How do scammers in your community connect with you?

Do you trust me because I speak Spanish? That sounds like a strange question, but in some communities – and in some situations – it could be enough for someone to trust a stranger.

At the Fraud Affects Every Community workshop recently held at FTC headquarters, we heard from panelists living and working in diverse communities about ways scammers are using language, shared customs, relationships and community practices to steal people’s money.

Scammers might speak your language, share your culture or beliefs, and even attend your place of worship. They might understand the hard personal situations you’re facing – like job loss, immigration status, money woes, or family emergencies. They might come from the same country, neighborhood, or community as you. They might even be a community leader – or have convinced a community leader to help them get the word out about their product or service... which may turn out to be a scam.  

Consider these scenarios:

  • You get a call from someone who speaks the same language you do, selling you a work-at-home program. You feel comfortable with them, so you share personal information and stories. Before you know it, this feels like someone you can trust. But this could be a set-up.
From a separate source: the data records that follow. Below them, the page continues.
(* Let $\mathcal{X},\mathcal{Y}$ be finite sets, $p(Y|X)$ a channel from $\mathcal{X}$ to $\mathcal{Y}$, and $p(X)$ a fully supported distribution on $\mathcal{X}$ such that $p(y)=\sum_x p(y|x)p(x)$ is uniform on $\mathcal{Y}$; let $p(x,y)=p(x)p(y|x)$. Then for bijections $\sigma$ of $\mathcal{X}$ and $\tau$ of $\mathcal{Y}$, $(\sigma,\tau)$ belongs to the equivariance group $G_{p(Y|X)}$ if and only if $(x,y)\sim(\sigma(x),\tau(y))$ for all $(x,y)\in\mathcal{X}\times\mathcal{Y}$.
   Context: $G_{p(Y|X)}$ is the set of pairs of bijections $(\sigma,\tau)$ with $p(Y|X)\circ\sigma=\tau\circ p(Y|X)$ as channels, i.e. $p(y|\sigma(x))=p(\tau^{-1}(y)|x)$ for all $x,y$. The relation $(x,y)\sim(x',y')$ holds iff $\frac{p(x,y)}{p(x)p(y)}=\frac{p(x',y')}{p(x')p(y')}$. *)

theory Defs
  imports Complex_Main
begin

text \<open>A channel p(Y|X) from a finite type 'x to a finite type 'y is a function
  W with W x y = p(y|x): nonnegative entries, each row summing to 1.\<close>
definition channel :: "('x::finite \<Rightarrow> 'y::finite \<Rightarrow> real) \<Rightarrow> bool" where
  "channel W \<longleftrightarrow> (\<forall>x y. W x y \<ge> 0) \<and> (\<forall>x. (\<Sum>y\<in>UNIV. W x y) = 1)"

definition distribution :: "('a::finite \<Rightarrow> real) \<Rightarrow> bool" where
  "distribution p \<longleftrightarrow> (\<forall>a. p a \<ge> 0) \<and> (\<Sum>a\<in>UNIV. p a) = 1"

definition out_dist :: "('x::finite \<Rightarrow> 'y \<Rightarrow> real) \<Rightarrow> ('x \<Rightarrow> real) \<Rightarrow> 'y \<Rightarrow> real" where
  "out_dist W p y = (\<Sum>x\<in>UNIV. W x y * p x)"

definition joint :: "('x \<Rightarrow> 'y \<Rightarrow> real) \<Rightarrow> ('x \<Rightarrow> real) \<Rightarrow> 'x \<Rightarrow> 'y \<Rightarrow> real" where
  "joint W p x y = p x * W x y"

definition equiv_group :: "('x::finite \<Rightarrow> 'y::finite \<Rightarrow> real) \<Rightarrow> (('x \<Rightarrow> 'x) \<times> ('y \<Rightarrow> 'y)) set" where
  "equiv_group W = {(\<sigma>, \<tau>). bij \<sigma> \<and> bij \<tau> \<and> (\<forall>x y. W (\<sigma> x) y = W x (inv \<tau> y))}"

definition pmi_rel :: "('x::finite \<Rightarrow> 'y::finite \<Rightarrow> real) \<Rightarrow> ('x \<Rightarrow> real) \<Rightarrow> 'x \<times> 'y \<Rightarrow> 'x \<times> 'y \<Rightarrow> bool" where
  "pmi_rel W p xy xy' \<longleftrightarrow>
     (case xy of (x, y) \<Rightarrow> case xy' of (x', y') \<Rightarrow>
        joint W p x y / (p x * out_dist W p y) = joint W p x' y' / (p x' * out_dist W p y'))"

end

theory Submission
  imports Defs
begin

text \<open>When p(x) > 0 and p(y) is uniform, the ratio p(x,y)/(p(x)p(y)) equals |Y| p(y|x), so
  (x,y) \<sim> (x',y') just compares channel entries. Substituting y := \<tau> y turns the
  equivariance condition p(y|\<sigma> x) = p(\<tau>\<inverse> y|x) into p(\<tau> y|\<sigma> x) = p(y|x).\<close>

lemma joint_div_marginals:
  assumes "p x \<noteq> 0"
  shows "joint W p x y / (p x * out_dist W p y) = W x y / out_dist W p y"
  using assms unfolding joint_def by simp

lemma pmi_rel_iff_channel_eq:
  assumes "p x \<noteq> 0" and "p x' \<noteq> 0"
    and "out_dist W p y = out_dist W p y'" and "out_dist W p y \<noteq> 0"
  shows "pmi_rel W p (x, y) (x', y') \<longleftrightarrow> W x y = W x' y'"
  using assms by (simp add: pmi_rel_def joint_div_marginals)

lemma equiv_group_iff_channel_invariant:
  assumes "bij \<sigma>" and "bij \<tau>"
  shows "(\<sigma>, \<tau>) \<in> equiv_group W \<longleftrightarrow> (\<forall>x y. W x y = W (\<sigma> x) (\<tau> y))"
proof -
  have "(\<forall>x y. W (\<sigma> x) y = W x (inv \<tau> y)) \<longleftrightarrow> (\<forall>x y. W (\<sigma> x) (\<tau> y) = W x y)"
    using assms(2) by (metis bij_inv_eq_iff)
  then show ?thesis
    using assms unfolding equiv_group_def by auto
qed

theorem proposition16:
  fixes W :: "'x::finite \<Rightarrow> 'y::finite \<Rightarrow> real"
    and p :: "'x \<Rightarrow> real"
    and \<sigma> :: "'x \<Rightarrow> 'x" and \<tau> :: "'y \<Rightarrow> 'y"
  assumes "channel W"
    and "distribution p"
    and "\<forall>x. p x > 0"
    and "\<forall>y. out_dist W p y = 1 / real (card (UNIV :: 'y set))"
    and "bij \<sigma>" and "bij \<tau>"
  shows "(\<sigma>, \<tau>) \<in> equiv_group W \<longleftrightarrow> (\<forall>x y. pmi_rel W p (x, y) (\<sigma> x, \<tau> y))"
proof -
  have "out_dist W p y \<noteq> 0" for y
    using assms(4) by (simp add: finite_UNIV_card_ge_0)
  then have "pmi_rel W p (x, y) (\<sigma> x, \<tau> y) \<longleftrightarrow> W x y = W (\<sigma> x) (\<tau> y)" for x y
    using assms(3,4) by (intro pmi_rel_iff_channel_eq) (auto simp: less_imp_neq[symmetric])
  then show ?thesis
    using equiv_group_iff_channel_invariant[OF assms(5,6)] by simp
qed

end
Scammers often use personal connections to make you feel comfortable – and get close enough to get your money.
  • You identify with an ad on TV or radio featuring someone who looks or sounds like you. Because you identify with the person in the ad, you might believe what they’re saying. But not every ad is true. It could have been made, and paid for, by a scammer. Ads aren’t reviewed by an outside organization to make sure they’re legitimate before they run. You have to do your own research.
  • Someone claiming to be a lawyer or government official tells you about a debt you need to pay, or asks you to buy something. In your community, highly-educated people, officials, and experts might command a lot of respect. But are they really the experts they claim to be? Check out their claims before you give them information or money. 

You can spot possible scammers in your community, no matter who they seem to be. Whenever someone urges you to pay for something – stop. Check them out. Ask lots of questions, and do your own research on the company, person or product. Take your time deciding before giving your hard-earned money, or personal and financial information, to anyone. 

Suspect a scam? Tell us about it! File a complaint with the FTC, or call 1-877-FTC-HELP.


why are the obvious still advertised?
envelope stuffing

I was scammed over the Internet And would like to know if there is anything I can do and is there anything that could be done so other woman might not fall into the Same scam like I did, there are people on the Internet claiming yo be American Soilders, if only I had knowen more info about this scammers on the Internet before hand maybe I would have thought twice, some one needs stress this matter, and would there be any way to get some relieve out of this scam

I appreciate the attention on this matter as I have learned that these people doing these scams are probably out of Nigeria Ghana West Africa , these people steal real MILITERY mens photos and use them to ask for money and say that they are non commissioned officer, I feel for this, and I've paid dearly. I was devasted once I found out the truth. I have found the real MILITERY man and have spoken to his family and they have been also upset and disturbed that there family and his identiy where used to do these scams mainly to women. I lost a lot of money and even had a sale to sell items to help this scammer, it made me sick to find out the truth but the damage was done. I do in prayers ask that these people will be put to a stop. I have followed this scammer on the Internet and was able to save a lot of women until he cought on to what I was doing, pl get this word out thank you

Please get this out to the public especially the facebook user and also on the Y Messanger these are where these scams are taking place.

I shutoff charitable requests by telling the caller I do not make donations over the phone and that I will consider written correspondence. Of course they give you a line like we can't provide anything because we are a charity, this is the way we collect money, etc. TOUGH you want me to consider giving to your charity then follow my rules. No other comments will be accepted.